Validation-Gated Multi-Agent Governance for Online Adaptation of Thermal-Hydraulic Surrogate Models under Operating-Regime Shift
Title: Validation-Gated Multi-Agent Governance for Online Adaptation of Thermal-Hydraulic Surrogate Models under Operating-Regime Shift
Abstract:
While artificial intelligence surrogates enable second-by-second thermal-hydraulic forecasting, models that are selected and frozen during offline training often become condition-locked when deployed outside their pretraining domain. To address this, we present a guarded continual-adaptation framework applied to experimental thermal-hydraulic loop data. This system employs role-separated agents—specifically the Monitor, Diagnosis, Adaptation, Safety-Auditor, and Orchestrator—to identify error signatures, prioritize candidate model families, and oversee promotions. Final authority regarding model replacement remains with deterministic champion-challenger gates and background shadow learning.
We screened seven surrogate families using blocked three-fold cross-validation. A temporal Fourier neural operator was chosen as the initial champion for forecasting 10-second trajectories based on 60-second history windows across two held-out transients, utilizing three seeds per adaptive mode. In static deployment, the model yielded a channel-averaged Mean Absolute Error (MAE) of 7.06 and a warning-exceedance ratio of 56.8%. Rule-based adaptation lowered the MAE to 6.54, while shadow refresh alone kept performance close to the static baseline.

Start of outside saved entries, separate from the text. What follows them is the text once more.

lemma circ_adj_imp_cong:
  assumes "u < N" "v < N" "circ_adj N S u v"
  obtains s where "s \<in> S" "[int u - int v = int s] (mod int N) \<or> [int v - int u = int s] (mod int N)"
proof -
  define d where "d = nat \<bar>int u - int v\<bar>"
  have d_mem: "min d (N - d) \<in> S"
    using assms(3) by (simp add: circ_adj_def Let_def d_def)
  have "d < N" and diff: "int u - int v = int d \<or> int v - int u = int d"
    using assms(1,2) unfolding d_def by linarith+
  have wrap: "[- int d = int (N - d)] (mod int N)"
    using \<open>d < N\<close> by (simp add: cong_iff_dvd_diff of_nat_diff)
  have "[int u - int v = int d] (mod int N) \<or> [int v - int u = int d] (mod int N)"
    using diff by auto
  moreover have "[int u - int v = int (N - d)] (mod int N) \<or> [int v - int u = int (N - d)] (mod int N)"
  proof (cases "int u - int v = int d")
    case True
    then have "int v - int u = - int d" by simp
    with wrap show ?thesis by simp
  next
    case False
    with diff have "int u - int v = - int d" by simp
    with wrap show ?thesis by simp
  qed
  ultimately show thesis
    using d_mem that by (cases "d \<le> N - d") (simp_all add: min_def)
qed

lemma abs_diff_less_if_div_eq:
  fixes x y L :: nat
  assumes "x div L = y div L" "0 < L"
  shows "\<bar>int x - int y\<bar> < int L"
proof -
  define q where "q = x div L"
  have "int x = int L * int q + int (x mod L)"
    unfolding q_def by (simp flip: of_nat_mult of_nat_add)
  moreover have "int y = int L * int q + int (y mod L)"
    unfolding q_def assms(1) by (simp flip: of_nat_mult of_nat_add)
  moreover have "x mod L < L" "y mod L < L"
    using assms(2) by simp_all
  ultimately show ?thesis by linarith
qed

lemma abs_ge_if_cong_middle:
  fixes t r N L :: int
  assumes "[t = r] (mod N)" "L \<le> r" "r + L \<le> N"
  shows "L \<le> \<bar>t\<bar>"
proof -
  obtain k where k: "t = r + N * k"
    using assms(1) by (metis cong_iff_lin cong_sym)
  show ?thesis
  proof (cases "0 \<le> L")
    case True
    then have "0 \<le> N" using assms(2,3) by linarith
    show ?thesis
    proof (cases "0 \<le> k")
      case True
      with \<open>0 \<le> N\<close> have "0 \<le> N * k" by simp
      then show ?thesis using k assms(2) by linarith
    next
      case False
      then have "N * k \<le> N * (- 1)"
        using \<open>0 \<le> N\<close> by (intro mult_left_mono) simp_all
      then show ?thesis using k assms(3) by linarith
    qed
  qed linarith
qed

lemma circ_adj_multiplier_colouring:
  fixes N L h :: nat
  assumes middle: "\<And>s. s \<in> S \<Longrightarrow> L \<le> s * h mod N \<and> s * h mod N + L \<le> N"
    and "0 < L" "u < N" "v < N" "circ_adj N S u v"
  shows "u * h mod N div L \<noteq> v * h mod N div L"
proof
  assume same_block: "u * h mod N div L = v * h mod N div L"
  obtain s where "s \<in> S"
    and s: "[int u - int v = int s] (mod int N) \<or> [int v - int u = int s] (mod int N)"
    using circ_adj_imp_cong assms(3-5) by blast
  define t where "t = int (u * h mod N) - int (v * h mod N)"
  define r where "r = int (s * h mod N)"
  have mod_cong: "[int (w * h mod N) = int w * int h] (mod int N)" for w
    by (simp add: cong_def of_nat_mod)
  have t_cong: "[t = (int u - int v) * int h] (mod int N)"
    unfolding t_def using cong_diff[OF mod_cong mod_cong] by (simp add: left_diff_distrib)
  then have "[- t = - ((int u - int v) * int h)] (mod int N)"
    by (simp only: cong_minus_minus_iff)
  then have minus_t_cong: "[- t = (int v - int u) * int h] (mod int N)"
    by (metis minus_diff_eq mult_minus_left)
  have r_cong: "[int s * int h = r] (mod int N)"
    unfolding r_def using mod_cong cong_sym by blast
  have "[t = r] (mod int N) \<or> [- t = r] (mod int N)"
    using s cong_trans[OF t_cong cong_trans[OF cong_scalar_right r_cong]]
      cong_trans[OF minus_t_cong cong_trans[OF cong_scalar_right r_cong]] by blast
  moreover have "int L \<le> r" "r + int L \<le> int N"
    unfolding r_def using middle[OF \<open>s \<in> S\<close>] by simp_all
  ultimately have "int L \<le> \<bar>t\<bar> \<or> int L \<le> \<bar>- t\<bar>"
    using abs_ge_if_cong_middle by blast
  then have "int L \<le> \<bar>t\<bar>" by simp
  moreover have "\<bar>t\<bar> < int L"
    unfolding t_def using abs_diff_less_if_div_eq[OF same_block \<open>0 < L\<close>] .
  ultimately show False by simp
qed

theorem circ_word_representable_if_multiplier:
  fixes N L h :: nat
  assumes "N \<le> 3 * L"
    and middle: "\<And>s. s \<in> S \<Longrightarrow> L \<le> s * h mod N \<and> s * h mod N + L \<le> N"
  shows "word_representable {0..<N} (circ_adj N S)"
proof -
  interpret three_colouring N "circ_adj N S" "\<lambda>v. v * h mod N div L"
  proof
    show "circ_adj N S y x" if "circ_adj N S x y" for x y
      using that circ_adj_commute by blast
    fix u v assume "u < N" "v < N"
    then have "0 < L" using assms(1) by linarith
    have "u * h mod N < N"
      using \<open>u < N\<close> by simp
    then have "u * h mod N < 3 * L"
      using assms(1) by linarith
    then have "u * h mod N div L < 3"
      by (simp add: div_less_iff_less_mult[OF \<open>0 < L\<close>] mult.commute)
    then show "u * h mod N div L \<le> 2" by simp
    show "u * h mod N div L \<noteq> v * h mod N div L" if "u \<noteq> v" "circ_adj N S u v"
      using circ_adj_multiplier_colouring[OF middle \<open>0 < L\<close> \<open>u < N\<close> \<open>v < N\<close> that(2)] .
  qed
  show ?thesis by (rule word_representable)
qed

lemma mod_eq_if_cong_inverse:
  fixes p g h a N :: nat
  assumes "[p * g = a] (mod N)" "[g * h = 1] (mod N)" "p < N"
  shows "a * h mod N = p"
proof -
  have "[a * h = p * (g * h)] (mod N)"
    using cong_scalar_right[OF cong_sym[OF assms(1)], of h] by (simp add: mult.assoc)
  also have "[p * (g * h) = p * 1] (mod N)"
    using assms(2) by (rule cong_mult[OF cong_refl])
  finally show ?thesis
    using assms(3) by (simp add: cong_def)
qed

lemma mult_odd_mod_double:
  fixes n h :: nat
  assumes "odd h" "0 < n"
  shows "n * h mod (2 * n) = n"
proof -
  obtain j where "h = 2 * j + 1" using assms(1) by (rule oddE)
  then have "n * h = n + (2 * n) * j" by (simp add: algebra_simps)
  then show ?thesis using assms(2) by simp
qed

lemma ceiling_two_thirds_bounds:
  fixes n :: nat
  defines "L \<equiv> nat \<lceil>2 * real n / 3\<rceil>"
  shows "real L = of_int \<lceil>2 * real n / 3\<rceil>" "2 * n \<le> 3 * L" "L \<le> n"
proof -
  show L_eq: "real L = of_int \<lceil>2 * real n / 3\<rceil>"
    unfolding L_def by simp
  have "2 * real n / 3 \<le> real L"
    unfolding L_eq by (rule le_of_int_ceiling)
  then show "2 * n \<le> 3 * L" by linarith
  have "\<lceil>2 * real n / 3\<rceil> \<le> int n" by (simp add: ceiling_le_iff)
  then show "L \<le> n" unfolding L_def by linarith
qed

theorem theorem19:
  fixes n a b :: nat
  assumes "0 < n" and "0 < a" and "a < n" and "0 < b" and "b < n" and "a \<noteq> b"
    and "\<exists>g p q. g < 2 * n \<and> coprime g (2 * n) \<and> p < 2 * n \<and> q < 2 * n \<and>
           [p * g = a] (mod 2 * n) \<and> [q * g = b] (mod 2 * n) \<and>
           of_int \<lceil>2 * real n / 3\<rceil> \<le> real (min (min p q) (min (2 * n - p) (2 * n - q)))"
  shows "word_representable (circ_vertices (2 * n)) (circ_adj (2 * n) {a, b, n})"
proof -
  obtain g p q where "coprime g (2 * n)" and pq: "p < 2 * n" "q < 2 * n"
    and "[p * g = a] (mod 2 * n)" "[q * g = b] (mod 2 * n)"
    and r: "of_int \<lceil>2 * real n / 3\<rceil> \<le> real (min (min p q) (min (2 * n - p) (2 * n - q)))"
    using assms(7) by blast
  obtain h where h: "[g * h = 1] (mod 2 * n)"
    using cong_solve_coprime_nat[OF \<open>coprime g (2 * n)\<close>] by auto
  have "odd h"
    using cong_modulus_mult_nat[OF h] by (auto simp: cong_def)
  define L where "L = nat \<lceil>2 * real n / 3\<rceil>"
  note L = ceiling_two_thirds_bounds[of n, folded L_def]
  have "real L \<le> real (min (min p q) (min (2 * n - p) (2 * n - q)))"
    using r L(1) by simp
  then have "L \<le> p" "p + L \<le> 2 * n" "L \<le> q" "q + L \<le> 2 * n"
    using pq by linarith+
  moreover have "a * h mod (2 * n) = p" "b * h mod (2 * n) = q"
    using mod_eq_if_cong_inverse[OF _ h] pq \<open>[p * g = a] (mod 2 * n)\<close>
      \<open>[q * g = b] (mod 2 * n)\<close> by blast+
  moreover have "n * h mod (2 * n) = n"
    using mult_odd_mod_double[OF \<open>odd h\<close> assms(1)] .
  ultimately have "L \<le> s * h mod (2 * n) \<and> s * h mod (2 * n) + L \<le> 2 * n" if "s \<in> {a, b, n}" for s
    using that L(3) by auto
  then show ?thesis
    unfolding circ_vertices_def by (rule circ_word_representable_if_multiplier[OF L(2)])
qed

end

The MA-Full mode, which requires the role-separated multi-agent council to review every step of the evaluated stream, achieved the lowest mean error of 5.72 and a 35.8% exceedance rate. This represents a 19.0% improvement over the static deployment. Although paired bootstrap intervals against the static model excluded zero, intervals among the adaptive modes overlapped, and the limited number of six paired units precludes broad statistical claims. Validated promotions from the neural operator to Transformer and graph neural network architectures demonstrate that logged, gate-controlled adaptation supports auditable surrogate evolution, even as deterministic gates retain ultimate deployment authority.